Friday, March 28, 2008

Friday Downstreams (Matted Eye Meets Sky)


Tibetan Buddhist monks cry as they surround foreign journalists at the Jokhang Temple in Lhasa on Thursday. (The Central News Agency, via Reuters)


I just emerged after three days of hibernation. Sun is shinning and snow melting. Three days ago when I became possessed of a strange alien lump in the center of my crown, stuck by fever and pain, it was minus 10 degrees and snowing. This evening people wander happily along forest paths with flasks clinking in plastic bags. It's Friday in the student quarter. Spring is not too far away. Here is some joy to help you along.

Adobe Photoshop Express - Made You Look.
This link is probably moving around the web faster than grainy pictures of celebrities doing weird things to each other. Adobe's new Internet version called Photoshop Express is available for free at www.photoshop.com/express. It's probably the most sophisticated Webware product we've yet to see, adding even more online power to applications like Google's suite of Web-based word processing, spreadsheet and photo sharing programs.

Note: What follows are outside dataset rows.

lemma armijo_failure_gradient_gap:
  assumes "d k \<noteq> 0" and "0 < s" and "\<not> armijo f \<beta> (x k) (d k) s"
  shows "\<exists>y. norm (y - x k) < s * norm (d k) \<and> (1 - \<beta>) * (norm (d k))\<^sup>2 < (grad y - grad (x k)) \<bullet> d k"
proof -
  obtain z where z: "0 < z" "z < s"
    and gap: "- (\<beta> * (norm (d k))\<^sup>2) < grad (x k + z *\<^sub>R d k) \<bullet> d k"
    using armijo_failure_mean_value[OF has_derivative_grad assms(2,3)] by blast
  have "norm ((x k + z *\<^sub>R d k) - x k) < s * norm (d k)"
    using z assms(1) by simp
  moreover have "(1 - \<beta>) * (norm (d k))\<^sup>2 < (grad (x k + z *\<^sub>R d k) - grad (x k)) \<bullet> d k"
    using gap grad_inner_direction_le[OF assms(1)] by (simp add: inner_diff_left algebra_simps)
  ultimately show ?thesis
    by blast
qed

lemma gradient_gap_at_short_step:
  assumes dk: "d k \<noteq> 0" and short: "norm (x (Suc k) - x k) < \<gamma> * r k"
  shows "\<exists>y. \<gamma> * norm (y - x k) < norm (x (Suc k) - x k) \<and>
    (1 - \<beta>) * norm (d k) < norm (grad y - grad (x k))"
proof -
  have step: "norm (x (Suc k) - x k) = t k * norm (d k)"
    using iterate_Suc[of k] stepsize_pos[of k] by simp
  have "\<gamma> * r k \<le> r k"
    using radii_pos(2)[of k] parameters by (intro mult_left_le_one_le) auto
  then have "t k * norm (d k) < norm (d k)"
    using short step nonnull_step(4)[OF dk] by linarith
  then have "t k < 1"
    using dk by (simp add: mult_less_cancel_right2)
  then obtain y where y: "norm (y - x k) < t k / \<gamma> * norm (d k)"
    and gap: "(1 - \<beta>) * (norm (d k))\<^sup>2 < (grad y - grad (x k)) \<bullet> d k"
    using armijo_failure_gradient_gap[OF dk _ armijo_fails_before_stepsize[OF dk]]
      stepsize_pos[of k] parameters by auto
  have "\<gamma> * norm (y - x k) < norm (x (Suc k) - x k)"
    using y step parameters by (simp add: field_simps)
  moreover have "(1 - \<beta>) * norm (d k) * norm (d k) < norm (grad y - grad (x k)) * norm (d k)"
    using less_le_trans[OF gap norm_cauchy_schwarz] by (simp add: power2_eq_square)
  then have "(1 - \<beta>) * norm (d k) < norm (grad y - grad (x k))"
    using dk by (simp add: mult_less_cancel_right_pos)
  ultimately show ?thesis
    by blast
qed
lemma S2_error_le_split:
  assumes "0 \<le> x" and "M \<le> nat \<lfloor>x\<rfloor>"
  shows "\<bar>S2 x - r2 * x\<bar> \<le>
    (real M + x / (real M + 1)) * ln (x + 2) ^ 2 + 64 * x / sqrt (real M + 1)"
proof -
  define N where "N = nat \<lfloor>x\<rfloor>"
  define L where "L = ln (x + 2) ^ 2"
  define c where "c m = floor_div_count x m * mangoldt_twin m" for m
  define R where "R = (\<Sum>m=1..M. r2_term m)"
  have twin_le: "mangoldt_twin m \<le> L" if "m \<le> N" for m
    using mangoldt_twin_le_ln_sq[OF assms(1)] that unfolding N_def L_def .
  have S2_split: "S2 x = (\<Sum>m=1..M. c m) + (\<Sum>m=Suc M..N. c m)"
    using S2_eq_sum_floor_div_count[OF assms(1)] sum.ub_add_nat[of 1 M c "N - M"] assms(2)
    by (simp add: N_def c_def)
  have short: "\<bar>(\<Sum>m=1..M. c m) - x * R\<bar> \<le> real M * L"
  proof -
    have "\<bar>(\<Sum>m=1..M. c m) - x * R\<bar> = \<bar>\<Sum>m=1..M. c m - x * r2_term m\<bar>"
      by (simp add: R_def sum_subtractf sum_distrib_left)
    also have "\<dots> \<le> (\<Sum>m=1..M. \<bar>c m - x * r2_term m\<bar>)"
      by (rule sum_abs)
    also have "\<dots> \<le> (\<Sum>m=1..M. L)"
    proof (rule sum_mono)
      fix m
      assume m: "m \<in> {1..M}"
      have "c m - x * r2_term m = (floor_div_count x m - x / (real m * (real m + 1))) * mangoldt_twin m"
        by (simp add: c_def r2_term_eq algebra_simps)
      then have "\<bar>c m - x * r2_term m\<bar> = \<bar>floor_div_count x m - x / (real m * (real m + 1))\<bar> * mangoldt_twin m"
        by (simp add: abs_mult mangoldt_twin_nonneg)
      also have "\<dots> \<le> 1 * mangoldt_twin m"
        using m by (intro mult_right_mono floor_div_count_approx[OF assms(1)] mangoldt_twin_nonneg) auto
      also have "\<dots> \<le> L"
        using twin_le[of m] m assms(2) by (simp add: N_def)
      finally show "\<bar>c m - x * r2_term m\<bar> \<le> L" .
    qed
    finally show ?thesis by simp
  qed
  have long_nonneg: "0 \<le> (\<Sum>m=Suc M..N. c m)"
    unfolding c_def by (intro sum_nonneg mult_nonneg_nonneg floor_div_count_nonneg mangoldt_twin_nonneg) auto
  have "(\<Sum>m=Suc M..N. c m) \<le> (\<Sum>m=Suc M..N. floor_div_count x m * L)"
    unfolding c_def by (intro sum_mono mult_left_mono twin_le floor_div_count_nonneg) auto
  also have "\<dots> = (\<Sum>m=Suc M..N. floor_div_count x m) * L"
    by (simp add: sum_distrib_right)
  also have "\<dots> \<le> x / (real M + 1) * L"
    using sum_floor_div_count_tail[OF assms] unfolding N_def L_def by (rule mult_right_mono) simp
  finally have long: "(\<Sum>m=Suc M..N. c m) \<le> x / (real M + 1) * L" .
  have tail_nonneg: "0 \<le> x * (r2 - R)"
    using r2_tail_bounds(1)[of M] assms(1) unfolding R_def by simp
  have "x * (r2 - R) \<le> x * (64 / sqrt (real M + 1))"
    using r2_tail_bounds(2)[of M] assms(1) unfolding R_def by (rule mult_left_mono)
  then have tail: "x * (r2 - R) \<le> 64 * x / sqrt (real M + 1)"
    by (simp add: mult.commute)
  have "S2 x - r2 * x = ((\<Sum>m=1..M. c m) - x * R) + (\<Sum>m=Suc M..N. c m) - x * (r2 - R)"
    by (simp add: S2_split algebra_simps)
  moreover have "(real M + x / (real M + 1)) * L = real M * L + x / (real M + 1) * L"
    by (simp add: distrib_right)
  ultimately show ?thesis
    using short long_nonneg long tail_nonneg tail unfolding L_def abs_le_iff by linarith
qed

WFMU's Beware of the Blog: The Field Guide to Staying Inside: The Hurdy Gurdy (Mp3s)
The hurdy gurdy is some thousand years old, a sort of imploded and rosined-up bicycle that was used to make a single note last way long in the days before electricity. Its design, a wheel that turns against depressed strings housed inside a wooden box, is far more economical than its predecessor - an early viol de gamba with a bow of several furlongs in length that required several grown men or a team of oxen to play. By the Donovanian Era, however, it had been contained in a small crank case and employed a second bridge, called a "dog" but crafted from raccoon bones, that lifted against the spinning wheel to create a buzzing sound thought to be pleasant.
As musical instruments got better with time, the hurdy gurdy came to be seen as an instrument for poor people, and was called the "Bettlerleier," or "beggar's lyre" in 17th Century Germany. This was long before the European Union, however, and other countries were free to like it. The French decided there was something fancy about it, and Venetian composer Antonio Vivaldi went so far as to compose for it.
In later years, the barrel organ, popularly played by street vendors with monkeys, came to be called by the same name, and, unrelated, popular singer Sting appeared on the 2004 Grammy telecast holding one, setting off a short-lived air-hurdy-gurdy craze.
Popular musicians other than Sting and Vivaldi have also worked with the hurdy gurdy, and TFGTSI is pleased to present an A-Z digest of some of the more notable vielists of the hurdy gurdy.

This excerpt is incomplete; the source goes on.